[Available records — start]

text \<open>Enumerate the rationals of \<open>[0,1]\<close> as \<open>q 0, q 1, \<dots>\<close> and put
  \<open>point n = \<Sum>{2^-(k+2) | q k < q n}\<close>. Then \<open>point\<close> is order-isomorphic to \<open>q\<close>, and every
  \<open>point m\<close> is followed by a gap of width \<open>2^-(m+2)\<close> free of other points. The map fixes
  the points, sends everything outside the gaps to \<open>0\<close>, and sends \<open>x\<close> in the gap after
  \<open>point n\<close> to the point labelled by the fractional part of \<open>2^-(n+2) / (x - point n)\<close>
  whenever that label is a rational \<open>\<le> q n\<close>, and to \<open>point n\<close> otherwise. Arbitrarily close
  to \<open>point n\<close> there are thus points mapped onto any lower point, which gives \<open>\<epsilon>\<close>-chains
  downwards. Conversely, the map sends \<open>[0, point n + t)\<close> into \<open>[0, point n]\<close> for every
  \<open>t\<close> up to the gap width, so small \<open>\<epsilon>\<close>-chains never climb, and no point outside the
  fixed points is chain recurrent. The chain components are therefore the singletons of the
  points, ordered like their labels.\<close>

lemma eps_chain_step:
  assumes "x \<in> {0..1}" "y \<in> {0..1}" "\<bar>f x - y\<bar> < e"
  shows "eps_chain f e x y"
  unfolding eps_chain_def
  by (intro exI[of _ 1] conjI exI[of _ "\<lambda>i. if i = 0 then x else y"]) (use assms in auto)

lemma eps_chain_trans:
  assumes "eps_chain f e x y" "eps_chain f e y z"
  shows "eps_chain f e x z"
proof -
  obtain n xs where n: "n \<ge> 1" "xs 0 = x" "xs n = y" "\<forall>i\<le>n. xs i \<in> {0..1}"
    "\<forall>i<n. \<bar>f (xs i) - xs (Suc i)\<bar> < e"
    using assms(1) unfolding eps_chain_def by blast
  obtain m ys where m: "m \<ge> 1" "ys 0 = y" "ys m = z" "\<forall>i\<le>m. ys i \<in> {0..1}"
    "\<forall>i<m. \<bar>f (ys i) - ys (Suc i)\<bar> < e"
    using assms(2) unfolding eps_chain_def by blast
  define zs where "zs i = (if i \<le> n then xs i else ys (i - n))" for i
  have "\<bar>f (zs i) - zs (Suc i)\<bar> < e" if "i < n + m" for i
  proof (cases "i < n")
    case True
    then show ?thesis using n(5) by (simp add: zs_def)
  next
    case False
    then have "zs i = ys (i - n)" "zs (Suc i) = ys (Suc (i - n))"
      using n(3) m(2) by (auto simp: zs_def Suc_diff_le)
    then show ?thesis using m(5) that False by simp
  qed
  moreover have "zs i \<in> {0..1}" if "i \<le> n + m" for i
    using n(4) m(4) that by (simp add: zs_def)
  ultimately show ?thesis
    unfolding eps_chain_def using n m
    by (intro exI[of _ "n + m"] conjI exI[of _ zs]) (auto simp: zs_def)
qed

lemma chain_rel_fixpoint:
  assumes "x \<in> {0..1}" "f x = x"
  shows "chain_rel f x x"
  unfolding chain_rel_def using assms by (auto intro: eps_chain_step)

lemma eps_chain_trapped:
  assumes "eps_chain f e x y"
    and trap: "\<And>z w. z \<in> insert x U \<Longrightarrow> \<bar>f z - w\<bar> < e \<Longrightarrow> w \<in> U"
  shows "y \<in> U"
proof -
  obtain n xs where n: "n \<ge> 1" "xs 0 = x" "xs n = y" "\<forall>i<n. \<bar>f (xs i) - xs (Suc i)\<bar> < e"
    using assms(1) unfolding eps_chain_def by blast
  have "xs (Suc i) \<in> U" if "i < n" for i
    using that
  proof (induction i)
    case 0
    then show ?case using n trap by auto
  next
    case (Suc i)
    then show ?case using n(4) trap by auto
  qed
  from this[of "n - 1"] show ?thesis using n(1,3) by simp
qed

lemma not_chain_rel_above:
  fixes f :: "real \<Rightarrow> real"
  assumes "t > 0" and below: "\<And>z. z < a + t \<Longrightarrow> f z \<le> a"
    and "f x \<le> a" "a + t \<le> y"
  shows "\<not> chain_rel f x y"
proof
  assume "chain_rel f x y"
  then have "eps_chain f t x y" using \<open>t > 0\<close> unfolding chain_rel_def by blast
  then have "y \<in> {..<a + t}"
  proof (rule eps_chain_trapped)
    fix z w assume "z \<in> insert x {..<a + t}" "\<bar>f z - w\<bar> < t"
    moreover have "f z \<le> a" using calculation(1) below \<open>f x \<le> a\<close> by auto
    ultimately show "w \<in> {..<a + t}" by auto
  qed
  then show False using \<open>a + t \<le> y\<close> by simp
qed

lemma chain_components_singletons:
  assumes "\<And>x y. x \<in> chain_recurrent f \<Longrightarrow> y \<in> chain_recurrent f \<Longrightarrow>
      chain_rel f x y \<Longrightarrow> chain_rel f y x \<Longrightarrow> x = y"
  shows "chain_components f = (\<lambda>x. {x}) ` chain_recurrent f"
proof -
  have "chain_equiv f = Id_on (chain_recurrent f)"
    using assms by (auto simp: chain_equiv_def chain_recurrent_def)
  then show ?thesis
    unfolding chain_components_def quotient_def by auto
qed

locale unit_rationals_enumeration =
  fixes q :: "nat \<Rightarrow> real"
  assumes enum: "bij_betw q UNIV ({0..1} \<inter> \<rat>)"
begin

lemma q_inject [simp]: "q m = q n \<longleftrightarrow> m = n"
  using enum by (auto simp: bij_betw_def dest: injD)

lemma q_in_unit_rationals: "q n \<in> {0..1} \<inter> \<rat>"
  using enum by (auto simp: bij_betw_def)

lemma q_inv: "r \<in> {0..1} \<inter> \<rat> \<Longrightarrow> q (inv q r) = r"
  using enum by (metis bij_betw_def f_inv_into_f)

definition wt :: "nat \<Rightarrow> real" where
  "wt k = (1/2) ^ (k + 2)"

definition point :: "nat \<Rightarrow> real" where
  "point n = (\<Sum>k. if q k < q n then wt k else 0)"

definition gap :: "nat \<Rightarrow> real set" where
  "gap n = {point n <..< point n + wt n}"

lemma summable_wt_restrict: "summable (\<lambda>k. if P k then wt k else 0)"
proof (rule summable_comparison_test')
  show "summable wt"
    unfolding wt_def using summable_geometric[of "1/2::real"] by (simp add: summable_mult)
qed (auto simp: wt_def)

lemma suminf_wt: "(\<Sum>k. wt k) = 1/2"
proof -
  have "(\<lambda>k. 1/4 * (1/2::real) ^ k) sums (1/4 * (1 / (1 - 1/2)))"
    by (intro sums_mult geometric_sums) simp
  then show ?thesis by (simp add: wt_def sums_iff power_add)
qed

lemma wt_pos: "0 < wt n"
  by (simp add: wt_def)

lemma point_nonneg: "0 \<le> point n"
  unfolding point_def by (auto intro!: suminf_nonneg summable_wt_restrict simp: wt_def)

lemma point_wt_le_1: "point n + wt n \<le> 1"
proof -
  have "point n \<le> (\<Sum>k. wt k)"
    unfolding point_def
    using summable_wt_restrict[of "\<lambda>_. True"] by (intro suminf_le summable_wt_restrict) (auto simp: wt_def)
  moreover have "wt n \<le> 1/4"
    unfolding wt_def by (simp add: power_add power_le_one)
  ultimately show ?thesis by (simp add: suminf_wt)
qed

lemma point_in_unit: "point n \<in> {0..1}"
  using point_nonneg[of n] point_wt_le_1[of n] wt_pos[of n] by simp

lemma point_gap_le:
  assumes "q m < q n"
  shows "point m + wt m \<le> point n"
proof -
  let ?A = "\<lambda>k. if q k < q n then wt k else 0" and ?B = "\<lambda>k. if q k < q m then wt k else 0"
  have "wt m = (\<Sum>k\<in>{m}. ?A k - ?B k)"
    using assms by simp
  also have "\<dots> \<le> (\<Sum>k. ?A k - ?B k)"
    using assms by (intro sum_le_suminf summable_diff summable_wt_restrict) (auto simp: wt_def)
  also have "\<dots> = point n - point m"
    unfolding point_def by (simp add: suminf_diff summable_wt_restrict)
  finally show ?thesis by simp
qed

lemma point_less_imp_q_le:
  assumes "point m < point n + wt n"
  shows "q m \<le> q n"
  using point_gap_le[of n m] assms by force

lemma point_mono: "q m \<le> q n \<Longrightarrow> point m \<le> point n"
  using point_gap_le[of m n] wt_pos[of m] by (cases "q m = q n") auto

lemma point_inject [simp]: "point m = point n \<longleftrightarrow> m = n"
proof
  assume "point m = point n"
  then have "\<not> q m < q n" "\<not> q n < q m"
    using point_gap_le[of m n] point_gap_le[of n m] wt_pos[of m] wt_pos[of n] by auto
  then show "m = n" by (simp flip: q_inject)
qed simp

lemma point_bottom: "point (inv q 0) = 0"
proof -
  have "\<not> q k < 0" for k
    using q_in_unit_rationals[of k] by simp
  then show ?thesis
    unfolding point_def by (simp add: q_inv)
qed

lemma gap_unique: "x \<in> gap m \<Longrightarrow> x \<in> gap n \<Longrightarrow> m = n"
  unfolding gap_def using point_less_imp_q_le[of m n] point_less_imp_q_le[of n m]
  by (auto simp flip: q_inject)

lemma gap_disjoint_points: "x \<in> gap n \<Longrightarrow> x \<notin> range point"
  unfolding gap_def using point_less_imp_q_le point_mono by fastforce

[Available records — finish]

◆ **Exercise requirements**
Search the entries for the string "also" and copy each line where it occurs.

◆ **Response below**
  also have "\<dots> \<le> (\<Sum>k. ?A k - ?B k)"
  also have "\<dots> = point n - point m"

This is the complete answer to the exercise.